Object Queryers are defined by the special object expression shown above. It has many sub-Queryers. All sub-Queryers are applied on the current DOM Node. The result of the ObjectQueryer is a JSON Object (or a Java Map<String, Object>). The results from each sub-Queryer is added as a field of resulting JSON Object.

Example:

{
    "foo": "text://h1",
    "bar": "text://h2",
    "baz": "text://h3"
}

Applied on:

<div><h3>!</h3><h2>world</h2><h1>hello</h1></div>

Yields:

{
    "foo": "hello",
    "bar": "world",
    "baz": "!"
}

single Queryer

A single Queryer extracts values from single DOM Node. It gets a DOM Node that matches the XPath expression of the "from" property. Then the Queryer defined by the "select" property is applied on the node matched by "from". The result is a value generated by the Queryer in the "select" property.

Properties:

  • from
    (string, required) The XPath expression to apply on the current node.
  • select
    (Queryer, required) A sub-Queryer to apply on the matched node from "from".

Example:

{
    "key1": {
        "_type": "single",
        "from": "//td[text() = 'key1']",
        "select": "text:../td[2]"
    },
    "key2": {
        "_type": "single",
        "from": "//td[text() = 'key2']",
        "select": {
            "value": "text:../td[2]"
        }
    }
}

Applied on:

<table>
    <tr>
        <td>key1</td>
        <td>value1</td>
    </tr>
    <tr>
        <td>key2</td>
        <td>value2</td>
    </tr>
</table>

Yields:

{
    "key1": "value1",
    "key2": {
        "value": "value2"
    }
}

list Queryer

A list Queryer extracts values from multiple DOM Nodes sharing the same XPath. It first gets all DOM Nodes that matches the XPath expression of the "from" property.
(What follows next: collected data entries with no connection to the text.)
(* For any permutation $\sigma\in\mathrm{Sym}(n)$, the cyclic group $G=\langle\sigma\rangle\leq\mathrm{Sym}(n)$, with its natural action on $\{1,\dots,n\}$, has the strict EKR property.
   Context: Two permutations $\pi,\tau\in G$ intersect if $\pi\tau^{-1}$ has a fixed point in $\{1,\dots,n\}$. A subset of $G$ is intersecting if every pair of its elements intersect. $G$ has the EKR property if every intersecting subset of $G$ has size at most the size of the largest point-stabilizer in $G$. $G$ has the strict EKR property if it has the EKR property and the only intersecting subsets of maximum size in $G$ are the cosets of the (largest) point-stabilizers. *)

theory Defs
  imports "HOL-Combinatorics.Permutations"
begin

text \<open>Permutation groups are sets of permutations of {1..n}, i.e. functions
  nat \<Rightarrow> nat that permute {1..n} (and fix everything outside).\<close>

definition perm_intersect :: "nat \<Rightarrow> (nat \<Rightarrow> nat) \<Rightarrow> (nat \<Rightarrow> nat) \<Rightarrow> bool" where
  "perm_intersect n \<pi> \<tau> \<longleftrightarrow> (\<exists>i\<in>{1..n}. (\<pi> \<circ> inv \<tau>) i = i)"

definition intersecting :: "nat \<Rightarrow> (nat \<Rightarrow> nat) set \<Rightarrow> bool" where
  "intersecting n S \<longleftrightarrow> (\<forall>\<pi>\<in>S. \<forall>\<tau>\<in>S. perm_intersect n \<pi> \<tau>)"

definition stab :: "(nat \<Rightarrow> nat) set \<Rightarrow> nat \<Rightarrow> (nat \<Rightarrow> nat) set" where
  "stab G i = {g \<in> G. g i = i}"

definition max_stab_size :: "nat \<Rightarrow> (nat \<Rightarrow> nat) set \<Rightarrow> nat" where
  "max_stab_size n G = Max ((\<lambda>i. card (stab G i)) ` {1..n})"

definition EKR :: "nat \<Rightarrow> (nat \<Rightarrow> nat) set \<Rightarrow> bool" where
  "EKR n G \<longleftrightarrow> (\<forall>S. S \<subseteq> G \<and> intersecting n S \<longrightarrow> card S \<le> max_stab_size n G)"

text \<open>Cosets of point-stabilizers: g G_i (left cosets); note G_i g = g G_(inv g i),
  so right cosets are covered as well.\<close>
definition strict_EKR :: "nat \<Rightarrow> (nat \<Rightarrow> nat) set \<Rightarrow> bool" where
  "strict_EKR n G \<longleftrightarrow> EKR n G \<and>
     (\<forall>S. S \<subseteq> G \<and> intersecting n S \<and> card S = max_stab_size n G \<longrightarrow>
        (\<exists>g\<in>G. \<exists>i\<in>{1..n}. card (stab G i) = max_stab_size n G \<and>
            S = (\<lambda>h. g \<circ> h) ` stab G i))"

definition cyclic_perm_group :: "(nat \<Rightarrow> nat) \<Rightarrow> (nat \<Rightarrow> nat) set" where
  "cyclic_perm_group \<sigma> = {\<sigma> ^^ k | k. True}"

end

theory Submission
  imports Defs "HOL-Combinatorics.Cycles"
begin
lemma words_Inter_chain:
  assumes "finite A" "subset.chain \<A> \<C>" "\<C> \<noteq> {}"
    and closed: "\<And>K. K \<in> \<C> \<Longrightarrow> seq_closed K \<and> K \<subseteq> UNIV \<rightarrow> A"
    and w: "\<And>K. K \<in> \<C> \<Longrightarrow> w \<in> words n K"
  shows "w \<in> words n (\<Inter>\<C>)"
proof -
  obtain K0 where "K0 \<in> \<C>"
    using assms(3) by auto
  then obtain t where t: "w = restrict t {..<n}"
    using w unfolding words_def by auto
  define cyl where "cyl K = K \<inter> {s. seq_agree n s t}" for K
  have "\<Inter>(cyl ` \<C>) \<noteq> {}"
  proof (rule seq_closed_chain_Inter_nonempty[OF assms(1)])
    show "subset.chain UNIV (cyl ` \<C>)"
      using assms(2) by (rule subset_chain_image) (auto simp: cyl_def)
    show "K' \<noteq> {} \<and> seq_closed K' \<and> K' \<subseteq> UNIV \<rightarrow> A" if K': "K' \<in> cyl ` \<C>" for K'
    proof -
      obtain K where K: "K \<in> \<C>" "K' = cyl K"
        using K' by auto
      obtain u where "u \<in> K" "restrict u {..<n} = w"
        using w[OF K(1)] unfolding words_def by auto
      then have "u \<in> K'"
        unfolding K(2) cyl_def t seq_agree_iff_restrict_eq by simp
      moreover have "seq_closed K'"
        unfolding K(2) cyl_def using closed[OF K(1)] seq_closed_cylinder
        by (intro seq_closed_Int) auto
      moreover have "K' \<subseteq> UNIV \<rightarrow> A"
        unfolding K(2) cyl_def using closed[OF K(1)] by auto
      ultimately show ?thesis
        by auto
    qed
  qed
  then obtain s where s: "s \<in> \<Inter>(cyl ` \<C>)"
    by auto
  have "s \<in> cyl K" if "K \<in> \<C>" for K
    using s that by blast
  then have "s \<in> \<Inter>\<C>" "seq_agree n s t"
    using \<open>K0 \<in> \<C>\<close> unfolding cyl_def by auto
  then have "restrict s {..<n} = w"
    unfolding t seq_agree_iff_restrict_eq by simp
  with \<open>s \<in> \<Inter>\<C>\<close> show ?thesis
    unfolding words_def by auto
qed

lemma infinite_seqs_accumulate:
  assumes "finite A" "Q \<subseteq> UNIV \<rightarrow> A" "infinite Q"
  shows "\<exists>s. \<forall>m. infinite {t\<in>Q. seq_agree m s t}"
proof -
  define P where "P m v \<longleftrightarrow> infinite {t\<in>Q. seq_agree m v t}" for m v
  have "\<exists>a. P (Suc m) (v(m := a))" if "P m v" for m v
  proof (rule ccontr)
    assume "\<nexists>a. P (Suc m) (v(m := a))"
    then have "finite (\<Union>a\<in>A. {t\<in>Q. seq_agree (Suc m) (v(m := a)) t})"
      using assms(1) unfolding P_def by simp
    moreover have "{t\<in>Q. seq_agree m v t} \<subseteq> (\<Union>a\<in>A. {t\<in>Q. seq_agree (Suc m) (v(m := a)) t})"
    proof
      fix t
      assume t: "t \<in> {t\<in>Q. seq_agree m v t}"
      then have "t m \<in> A"
        using assms(2) seq_in_alphabet by blast
      moreover have "seq_agree (Suc m) (v(m := t m)) t"
        using t by (auto simp: seq_agree_def less_Suc_eq)
      ultimately show "t \<in> (\<Union>a\<in>A. {t\<in>Q. seq_agree (Suc m) (v(m := a)) t})"
        using t by blast
    qed
    ultimately show False
      using that finite_subset unfolding P_def by blast
  qed
  moreover have "P m w" if "P m v" "seq_agree m v w" for m v w
  proof -
    have "{t\<in>Q. seq_agree m v t} = {t\<in>Q. seq_agree m w t}"
      using seq_agree_cong[OF that(2)] by simp
    then show ?thesis
      using that(1) unfolding P_def by simp
  qed
  moreover have "P 0 v" for v
    using assms(3) unfolding P_def by (simp add: seq_agree_def)
  ultimately show ?thesis
    using seq_konig[of P] unfolding P_def by blast
qed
Then the Queryer defined by the "select" property is applied on each node matched by "from". The result is a JSON Array (or a Java List) of each result generated by the Queryer in the "select" property.

Properties:

  • from
    (string, required) The XPath expression to apply on the current node.
  • select
    (Queryer, required) A sub-Queryer to apply on each matched node from "from".

Example:

{
    "_type": "list",
    "from": "//p",
    "select": "text:."
}

Applied on:

<div><p>hello</p><p>world</p><p>!</p></div>

Yields:

["hello", "world", "!"]

Another Example:

{
    "_type": "list",
    "from": "//a",
    "select": {
        "name": "text:.",
        "url": "text:./@href"
    }
}

Applied on:

<div>
    <a href="http://www.example.com/foo">foo</a>
    <a href="http://www.example.net/bar">bar</a>
    <a href="http://www.example.org/baz">baz</a>
</div>

Yields:

[
    {"name": "foo", "url": "http://www.example.com/foo"},
    {"name": "bar", "url": "http://www.example.net/bar"},
    {"name": "baz", "url": "http://www.example.org/baz"}
]

date Queryer

Just like the text queryer. But it converts the result into a java.util.Date object. This is only meaningful in Java. You can adjust the date format as defined by java.text.SimpleDateFormat .

Properties:

  • value
    see text queryer
  • grep
    see text queryer
  • trim
    see text queryer
  • dateFormat
    (string, required) The date format as defined by java.text.SimpleDateFormat

This Queryer does XPath querying, grepping, trimming and then convert the result into a Date object according to the dateFormat property.

Example:

{
    "_type": "date",
    "value": "//p",
    "grep": "(\\d+-\\d+-\\d+)",
    "dateFormat": "yyyy-MM-dd"
}

Applied on:

<div><p>Today is 2011-12-23.</p></div>

Yields:

A java.util.Date representing December 23rd, 2011.

literal Queryer

A queryer that always return to a specified string.

Properties:

  • value
    (string, required) The value which this queryer always return.

Example:

"literal:Hello world!"

Applied on:

..... whatever .....

Yields:

"Hello world!"

Note: Currently the return value can only be a String.

context Queryer

A queryer that returns a value in the context.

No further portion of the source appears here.